The bill died Feb. 9, a deadline day, when House Appropriations Chair John Read, R-Gautier, did not call it up for consideration.
The action, or lack of action, came one day after House Speaker Philip Gunn received a letter from PERS Executive Director Ray Higgins saying the retirement system board would likely vote in an upcoming meeting to delay increasing the employer contribution rate.
The board had voted by a 7-3 margin in December 2022 to increase the rate paid by state agencies, school districts and local governments from 17.4% of an employees paycheck to 22.4%.
The board’s December decision had caused consternation with legislators and local governmental entities because of the additional cost of the rate increase.
Higgins wrote to Gunn he believed the board in an upcoming meeting would ratify his suggestion to postpone the rate increase from October 2023 to July 2024.
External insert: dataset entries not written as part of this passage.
lemma integral_dist2_le:
  assumes "\<nu> \<in> Pm X" "X \<in> sets borel" "X \<subseteq> cball y R"
  shows "(\<integral>w. (dist w y)\<^sup>2 \<partial>\<nu>) \<le> R\<^sup>2"
proof -
  interpret prob_space \<nu> using assms(1) by (rule prob_space_Pm)
  have "AE w in \<nu>. (dist w y)\<^sup>2 \<le> R\<^sup>2"
    using AE_in_Pm[OF assms(1,2)]
    by eventually_elim (use assms(3) in \<open>auto simp: dist_commute intro!: power_mono\<close>)
  then have "(\<integral>w. (dist w y)\<^sup>2 \<partial>\<nu>) \<le> (\<integral>w. R\<^sup>2 \<partial>\<nu>)"
    using assms by (intro integral_mono_AE integrable_dist2_Pm) (auto intro: bounded_subset)
  then show ?thesis
    by (simp add: prob_space)
qed

lemma (in prob_space) AE_eq_if_integral_eq_upper_bound:
  fixes f :: "'a \<Rightarrow> real"
  assumes "integrable M f" "AE x in M. f x \<le> c" "integral\<^sup>L M f = c"
  shows "AE x in M. f x = c"
proof -
  have "integral\<^sup>L M (\<lambda>x. c - f x) = 0"
    using assms(1,3) by (simp add: prob_space)
  then have "AE x in M. c - f x = 0"
    using assms(1,2) by (subst (asm) integral_nonneg_eq_0_iff_AE) auto
  then show ?thesis
    by eventually_elim simp
qed

lemma emeasure_sphere_eq_1_if_integral_dist2_eq:
  assumes "\<nu> \<in> Pm X" "X \<in> sets borel" "X \<subseteq> cball y R"
    and "(\<integral>w. (dist w y)\<^sup>2 \<partial>\<nu>) = R\<^sup>2"
  shows "emeasure \<nu> {x. dist x y = R} = 1"
proof -
  interpret prob_space \<nu> using assms(1) by (rule prob_space_Pm)
  have "0 \<le> R"
    using Pm_nonempty[OF assms(1)] assms(3) by (metis cball_eq_empty not_less subset_empty)
  have "AE w in \<nu>. (dist w y)\<^sup>2 \<le> R\<^sup>2"
    using AE_in_Pm[OF assms(1,2)]
    by eventually_elim (use assms(3) in \<open>auto simp: dist_commute intro!: power_mono\<close>)
  then have "AE w in \<nu>. (dist w y)\<^sup>2 = R\<^sup>2"
    using assms by (intro AE_eq_if_integral_eq_upper_bound integrable_dist2_Pm)
      (auto intro: bounded_subset)
  then have "AE w in \<nu>. dist w y = R"
    by eventually_elim (use \<open>0 \<le> R\<close> in \<open>simp add: power2_eq_iff_nonneg\<close>)
  moreover have "{x. dist x y = R} \<in> events"
    using sets_Pm[OF assms(1)] by (auto intro!: borel_closed closed_Collect_eq continuous_intros)
  ultimately show ?thesis
    using AE_in_set_eq_1[of "{x. dist x y = R}"] by (simp add: emeasure_eq_measure)
qed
“This change will provide more time for planning while remaining consistent with actuarial recommendations and acting in the best interest of the membership to ensure the plan is properly funded long term,” Higgins wrote to Gunn. “We will also discuss the potential and cost of phasing in the rate increase.”
Higgins recently told members of the Senate Finance Committee the rate increase was needed to ensure the long-term viability of the system. The Public Employees Retirement System currently has more than 300,000 members either working currently or in the past in state or local governments .
Under state law, increasing the rate state and local governments pay into the system is “the only lever” the PERS Board has to address funding shortfalls. The House bill would have given the Legislature the final say on rate increases.
The action of the board to increase the rate by 5% to 22.04% would have cost state and local governmental entities, including school districts and higher education entities, $345 million annually, including $265 million for state agencies and education entities.
In the letter, Higgins said the board also would provide recommendations to the Legislature on how to deal with some of the funding issues, such as changing the benefits for new employees. Higgins had told a Senate committee recently changing the benefits for new employees would help long-term, but would not provide any immediate relief.
The system’s current full-funding ratio is about 61%, meaning it has the assets to pay the benefits of 61% of all the people in the system, ranging from the newest hires to those already retired. Theoretically, it is recommended that retirement systems have a funding ratio of about 80%.
Higgins said the system is stressed by the fact that additional benefits were added for employers in the late 1990s and early 2000s without a method to pay for those benefits.
In addition, the current governmental workforce is shrinking while the number of retirees in the system is growing. Higgins said during the past 10 years the governmental workforce is down by about 10%, while the number of retirees has increased by more than 25%.